* [PROBLEM REQUIREMENTS]
How many lines of the listing below hold the word "longlonglongrightarrow"? Answer with the number alone.

* [RECORDS FOR PROCESSING]
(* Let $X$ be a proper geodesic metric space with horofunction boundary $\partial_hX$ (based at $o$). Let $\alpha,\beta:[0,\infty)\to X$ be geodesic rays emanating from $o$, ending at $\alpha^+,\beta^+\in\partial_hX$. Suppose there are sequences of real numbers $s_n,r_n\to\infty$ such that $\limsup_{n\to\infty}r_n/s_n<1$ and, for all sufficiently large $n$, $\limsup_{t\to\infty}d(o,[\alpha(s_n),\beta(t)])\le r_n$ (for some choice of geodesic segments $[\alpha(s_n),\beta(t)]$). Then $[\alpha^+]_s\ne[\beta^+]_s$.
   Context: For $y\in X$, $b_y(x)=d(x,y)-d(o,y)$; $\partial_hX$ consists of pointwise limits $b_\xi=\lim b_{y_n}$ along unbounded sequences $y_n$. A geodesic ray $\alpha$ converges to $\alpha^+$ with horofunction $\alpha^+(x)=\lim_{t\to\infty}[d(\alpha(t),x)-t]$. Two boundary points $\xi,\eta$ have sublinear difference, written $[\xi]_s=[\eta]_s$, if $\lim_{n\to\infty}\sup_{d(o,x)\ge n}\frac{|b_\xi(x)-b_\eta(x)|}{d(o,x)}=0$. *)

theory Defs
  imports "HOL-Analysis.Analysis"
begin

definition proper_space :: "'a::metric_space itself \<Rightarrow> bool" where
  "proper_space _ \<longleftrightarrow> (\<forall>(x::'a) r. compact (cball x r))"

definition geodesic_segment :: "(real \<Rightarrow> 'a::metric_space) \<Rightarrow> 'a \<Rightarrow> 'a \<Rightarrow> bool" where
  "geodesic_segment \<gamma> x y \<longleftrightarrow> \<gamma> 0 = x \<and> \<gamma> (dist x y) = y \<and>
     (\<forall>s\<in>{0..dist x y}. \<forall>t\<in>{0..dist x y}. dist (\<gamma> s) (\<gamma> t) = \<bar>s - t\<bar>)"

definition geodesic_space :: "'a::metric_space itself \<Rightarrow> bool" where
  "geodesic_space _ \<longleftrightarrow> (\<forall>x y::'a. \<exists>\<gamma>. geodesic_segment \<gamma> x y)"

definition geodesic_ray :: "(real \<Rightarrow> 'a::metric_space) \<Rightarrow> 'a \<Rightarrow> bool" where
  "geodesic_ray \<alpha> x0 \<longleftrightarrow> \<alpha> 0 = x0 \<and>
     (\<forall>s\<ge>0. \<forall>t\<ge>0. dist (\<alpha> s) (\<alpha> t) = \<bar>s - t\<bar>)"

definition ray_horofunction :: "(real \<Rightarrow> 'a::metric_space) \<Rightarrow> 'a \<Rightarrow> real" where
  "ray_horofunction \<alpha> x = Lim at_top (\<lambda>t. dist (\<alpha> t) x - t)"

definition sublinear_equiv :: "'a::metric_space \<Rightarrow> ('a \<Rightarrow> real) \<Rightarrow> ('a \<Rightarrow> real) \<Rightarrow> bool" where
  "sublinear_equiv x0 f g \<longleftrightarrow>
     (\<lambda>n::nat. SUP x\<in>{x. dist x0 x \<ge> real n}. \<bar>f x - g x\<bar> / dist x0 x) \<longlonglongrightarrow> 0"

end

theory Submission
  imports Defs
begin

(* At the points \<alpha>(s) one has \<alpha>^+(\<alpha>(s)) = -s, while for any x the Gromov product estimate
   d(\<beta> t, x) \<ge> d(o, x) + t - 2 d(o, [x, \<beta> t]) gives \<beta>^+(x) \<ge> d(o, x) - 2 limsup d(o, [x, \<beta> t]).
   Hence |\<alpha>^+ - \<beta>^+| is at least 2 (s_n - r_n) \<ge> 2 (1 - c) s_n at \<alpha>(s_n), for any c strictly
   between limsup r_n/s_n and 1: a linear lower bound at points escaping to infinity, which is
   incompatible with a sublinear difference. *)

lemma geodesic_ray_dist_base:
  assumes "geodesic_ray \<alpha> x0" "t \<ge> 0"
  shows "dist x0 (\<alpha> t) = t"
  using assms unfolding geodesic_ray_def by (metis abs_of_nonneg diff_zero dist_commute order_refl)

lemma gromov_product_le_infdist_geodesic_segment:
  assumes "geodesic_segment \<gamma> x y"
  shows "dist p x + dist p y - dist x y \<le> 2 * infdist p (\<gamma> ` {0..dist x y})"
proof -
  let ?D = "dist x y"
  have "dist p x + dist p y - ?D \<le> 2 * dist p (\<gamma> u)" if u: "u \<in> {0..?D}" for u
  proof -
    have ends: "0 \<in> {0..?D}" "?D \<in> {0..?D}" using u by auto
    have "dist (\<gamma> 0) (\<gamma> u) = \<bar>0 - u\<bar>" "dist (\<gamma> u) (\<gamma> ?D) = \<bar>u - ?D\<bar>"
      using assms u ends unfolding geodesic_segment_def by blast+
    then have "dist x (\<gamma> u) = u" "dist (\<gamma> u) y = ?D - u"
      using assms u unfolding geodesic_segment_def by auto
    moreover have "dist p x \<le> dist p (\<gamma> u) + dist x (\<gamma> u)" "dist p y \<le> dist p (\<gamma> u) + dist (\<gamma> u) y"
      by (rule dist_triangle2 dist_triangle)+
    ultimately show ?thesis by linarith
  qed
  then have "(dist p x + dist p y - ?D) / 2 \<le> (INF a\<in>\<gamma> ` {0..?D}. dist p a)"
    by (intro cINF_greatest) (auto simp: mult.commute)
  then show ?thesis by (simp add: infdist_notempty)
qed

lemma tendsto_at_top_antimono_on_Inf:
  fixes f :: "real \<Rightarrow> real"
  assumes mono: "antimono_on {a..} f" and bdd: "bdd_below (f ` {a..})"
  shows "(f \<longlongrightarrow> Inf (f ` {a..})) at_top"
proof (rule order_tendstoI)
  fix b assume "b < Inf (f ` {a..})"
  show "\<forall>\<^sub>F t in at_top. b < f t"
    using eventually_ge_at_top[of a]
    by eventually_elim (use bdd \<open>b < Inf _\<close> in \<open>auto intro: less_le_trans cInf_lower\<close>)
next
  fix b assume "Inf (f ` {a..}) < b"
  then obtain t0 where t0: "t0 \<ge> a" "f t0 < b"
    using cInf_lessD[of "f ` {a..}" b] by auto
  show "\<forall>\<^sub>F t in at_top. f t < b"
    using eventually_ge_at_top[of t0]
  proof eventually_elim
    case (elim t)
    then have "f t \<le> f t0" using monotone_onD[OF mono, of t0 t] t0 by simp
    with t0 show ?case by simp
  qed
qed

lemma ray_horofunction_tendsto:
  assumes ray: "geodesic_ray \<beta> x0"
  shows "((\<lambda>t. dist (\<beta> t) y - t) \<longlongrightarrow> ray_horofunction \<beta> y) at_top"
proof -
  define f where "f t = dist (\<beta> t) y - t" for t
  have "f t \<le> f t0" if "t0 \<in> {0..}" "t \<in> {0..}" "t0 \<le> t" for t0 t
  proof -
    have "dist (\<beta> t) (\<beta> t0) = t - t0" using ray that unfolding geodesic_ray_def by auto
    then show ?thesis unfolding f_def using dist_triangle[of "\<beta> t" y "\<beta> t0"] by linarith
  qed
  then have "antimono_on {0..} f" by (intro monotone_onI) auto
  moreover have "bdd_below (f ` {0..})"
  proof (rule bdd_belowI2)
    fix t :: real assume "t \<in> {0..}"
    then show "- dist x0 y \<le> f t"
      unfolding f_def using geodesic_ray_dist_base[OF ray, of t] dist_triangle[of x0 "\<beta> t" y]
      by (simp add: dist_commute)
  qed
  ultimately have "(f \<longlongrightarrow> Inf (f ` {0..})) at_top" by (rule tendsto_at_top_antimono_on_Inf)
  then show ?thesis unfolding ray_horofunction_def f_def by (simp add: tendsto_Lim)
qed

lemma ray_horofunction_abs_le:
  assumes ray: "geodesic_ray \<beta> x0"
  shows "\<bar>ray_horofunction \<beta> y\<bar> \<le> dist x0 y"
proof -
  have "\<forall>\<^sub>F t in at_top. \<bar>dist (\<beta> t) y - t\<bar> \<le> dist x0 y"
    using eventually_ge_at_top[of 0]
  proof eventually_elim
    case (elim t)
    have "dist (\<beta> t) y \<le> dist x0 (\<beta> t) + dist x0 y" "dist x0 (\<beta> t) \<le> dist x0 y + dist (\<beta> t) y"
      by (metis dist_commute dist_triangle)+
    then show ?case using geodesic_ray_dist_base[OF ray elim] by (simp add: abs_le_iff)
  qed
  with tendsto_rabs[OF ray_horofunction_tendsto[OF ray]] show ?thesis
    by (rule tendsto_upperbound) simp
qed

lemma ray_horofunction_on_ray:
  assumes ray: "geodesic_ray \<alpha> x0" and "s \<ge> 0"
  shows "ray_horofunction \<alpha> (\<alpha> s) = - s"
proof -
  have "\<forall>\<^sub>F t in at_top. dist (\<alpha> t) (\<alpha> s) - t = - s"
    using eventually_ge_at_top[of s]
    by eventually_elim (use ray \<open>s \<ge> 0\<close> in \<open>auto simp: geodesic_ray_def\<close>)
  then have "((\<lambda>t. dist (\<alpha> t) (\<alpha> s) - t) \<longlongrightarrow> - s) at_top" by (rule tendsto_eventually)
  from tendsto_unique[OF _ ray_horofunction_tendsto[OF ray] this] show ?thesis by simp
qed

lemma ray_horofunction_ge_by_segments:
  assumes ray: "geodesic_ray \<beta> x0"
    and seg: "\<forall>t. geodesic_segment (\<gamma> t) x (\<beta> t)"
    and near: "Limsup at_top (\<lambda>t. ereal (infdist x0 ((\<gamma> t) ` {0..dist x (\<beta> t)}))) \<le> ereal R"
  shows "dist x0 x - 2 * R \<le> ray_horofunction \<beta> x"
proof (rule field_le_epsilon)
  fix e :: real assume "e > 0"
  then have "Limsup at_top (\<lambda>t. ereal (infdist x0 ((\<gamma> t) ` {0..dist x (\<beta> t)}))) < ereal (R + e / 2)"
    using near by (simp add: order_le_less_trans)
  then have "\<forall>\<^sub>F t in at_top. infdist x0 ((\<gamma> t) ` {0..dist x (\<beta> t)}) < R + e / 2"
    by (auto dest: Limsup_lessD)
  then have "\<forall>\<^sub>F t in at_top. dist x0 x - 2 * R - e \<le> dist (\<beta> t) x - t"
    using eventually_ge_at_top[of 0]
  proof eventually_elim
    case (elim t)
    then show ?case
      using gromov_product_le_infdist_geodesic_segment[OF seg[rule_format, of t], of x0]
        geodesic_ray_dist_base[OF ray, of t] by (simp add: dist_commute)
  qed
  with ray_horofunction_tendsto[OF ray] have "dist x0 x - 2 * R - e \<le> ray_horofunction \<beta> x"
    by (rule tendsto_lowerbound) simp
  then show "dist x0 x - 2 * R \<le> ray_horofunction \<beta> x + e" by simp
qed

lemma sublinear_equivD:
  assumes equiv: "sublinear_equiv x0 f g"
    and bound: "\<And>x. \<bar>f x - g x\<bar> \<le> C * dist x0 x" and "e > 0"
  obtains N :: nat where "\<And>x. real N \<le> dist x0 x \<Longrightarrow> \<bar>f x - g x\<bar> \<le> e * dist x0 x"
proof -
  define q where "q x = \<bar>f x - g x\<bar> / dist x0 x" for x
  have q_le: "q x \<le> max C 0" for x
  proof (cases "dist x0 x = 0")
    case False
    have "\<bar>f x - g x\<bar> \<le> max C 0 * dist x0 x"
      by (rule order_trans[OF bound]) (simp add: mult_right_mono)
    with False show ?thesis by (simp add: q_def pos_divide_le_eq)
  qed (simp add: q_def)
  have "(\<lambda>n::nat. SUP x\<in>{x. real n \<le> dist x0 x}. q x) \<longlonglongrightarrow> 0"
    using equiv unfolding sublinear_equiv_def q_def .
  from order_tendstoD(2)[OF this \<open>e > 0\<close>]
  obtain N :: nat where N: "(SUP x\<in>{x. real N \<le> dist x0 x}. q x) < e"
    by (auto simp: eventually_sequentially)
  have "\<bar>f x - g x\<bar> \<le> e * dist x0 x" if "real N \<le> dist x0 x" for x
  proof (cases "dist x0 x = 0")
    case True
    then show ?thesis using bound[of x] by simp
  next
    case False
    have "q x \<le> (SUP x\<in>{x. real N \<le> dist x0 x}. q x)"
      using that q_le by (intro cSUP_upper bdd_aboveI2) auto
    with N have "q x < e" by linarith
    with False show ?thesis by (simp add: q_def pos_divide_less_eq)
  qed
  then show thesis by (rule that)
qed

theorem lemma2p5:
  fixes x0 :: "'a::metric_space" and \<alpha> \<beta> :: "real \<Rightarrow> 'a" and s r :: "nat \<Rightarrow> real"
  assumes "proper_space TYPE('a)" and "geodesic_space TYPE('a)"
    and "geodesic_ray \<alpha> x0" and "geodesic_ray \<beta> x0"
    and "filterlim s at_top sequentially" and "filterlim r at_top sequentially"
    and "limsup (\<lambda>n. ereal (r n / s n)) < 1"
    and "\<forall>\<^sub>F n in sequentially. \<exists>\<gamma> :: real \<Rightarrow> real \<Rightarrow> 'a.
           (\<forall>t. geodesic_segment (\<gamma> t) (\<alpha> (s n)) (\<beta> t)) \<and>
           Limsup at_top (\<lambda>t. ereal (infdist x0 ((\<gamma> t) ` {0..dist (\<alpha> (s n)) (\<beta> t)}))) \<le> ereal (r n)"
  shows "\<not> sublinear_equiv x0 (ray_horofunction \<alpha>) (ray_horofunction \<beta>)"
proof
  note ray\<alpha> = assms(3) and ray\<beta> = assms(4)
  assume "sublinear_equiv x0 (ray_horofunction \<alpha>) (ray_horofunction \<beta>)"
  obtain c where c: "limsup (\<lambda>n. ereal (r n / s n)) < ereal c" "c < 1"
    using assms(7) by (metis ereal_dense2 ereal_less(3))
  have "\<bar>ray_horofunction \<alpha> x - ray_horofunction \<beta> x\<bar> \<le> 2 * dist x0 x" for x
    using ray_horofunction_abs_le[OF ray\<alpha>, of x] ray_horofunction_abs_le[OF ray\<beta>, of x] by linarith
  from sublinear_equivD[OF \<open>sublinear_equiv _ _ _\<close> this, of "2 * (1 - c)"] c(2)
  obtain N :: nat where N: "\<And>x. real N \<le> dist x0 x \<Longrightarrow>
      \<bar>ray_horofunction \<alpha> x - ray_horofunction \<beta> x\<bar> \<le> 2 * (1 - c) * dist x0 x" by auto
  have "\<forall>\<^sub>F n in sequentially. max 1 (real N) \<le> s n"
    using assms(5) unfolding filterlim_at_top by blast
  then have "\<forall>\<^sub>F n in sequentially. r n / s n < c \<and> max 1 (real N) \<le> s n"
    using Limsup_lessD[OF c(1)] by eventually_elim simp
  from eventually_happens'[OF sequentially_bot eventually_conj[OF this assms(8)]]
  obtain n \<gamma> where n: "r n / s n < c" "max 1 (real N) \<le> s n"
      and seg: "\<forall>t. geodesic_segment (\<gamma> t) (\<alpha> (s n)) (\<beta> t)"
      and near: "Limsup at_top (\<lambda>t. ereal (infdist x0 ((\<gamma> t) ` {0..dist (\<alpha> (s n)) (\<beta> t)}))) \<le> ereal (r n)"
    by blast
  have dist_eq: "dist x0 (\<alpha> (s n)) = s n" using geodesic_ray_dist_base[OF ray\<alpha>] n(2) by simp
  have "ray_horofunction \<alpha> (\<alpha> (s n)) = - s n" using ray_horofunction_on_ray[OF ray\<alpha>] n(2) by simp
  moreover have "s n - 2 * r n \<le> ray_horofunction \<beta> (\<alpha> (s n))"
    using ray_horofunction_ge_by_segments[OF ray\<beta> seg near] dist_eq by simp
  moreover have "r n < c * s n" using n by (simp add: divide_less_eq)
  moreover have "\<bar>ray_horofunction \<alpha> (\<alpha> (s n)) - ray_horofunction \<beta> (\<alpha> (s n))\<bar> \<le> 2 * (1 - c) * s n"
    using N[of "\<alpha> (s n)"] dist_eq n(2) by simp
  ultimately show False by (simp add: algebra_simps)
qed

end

* [SOLUTION]
2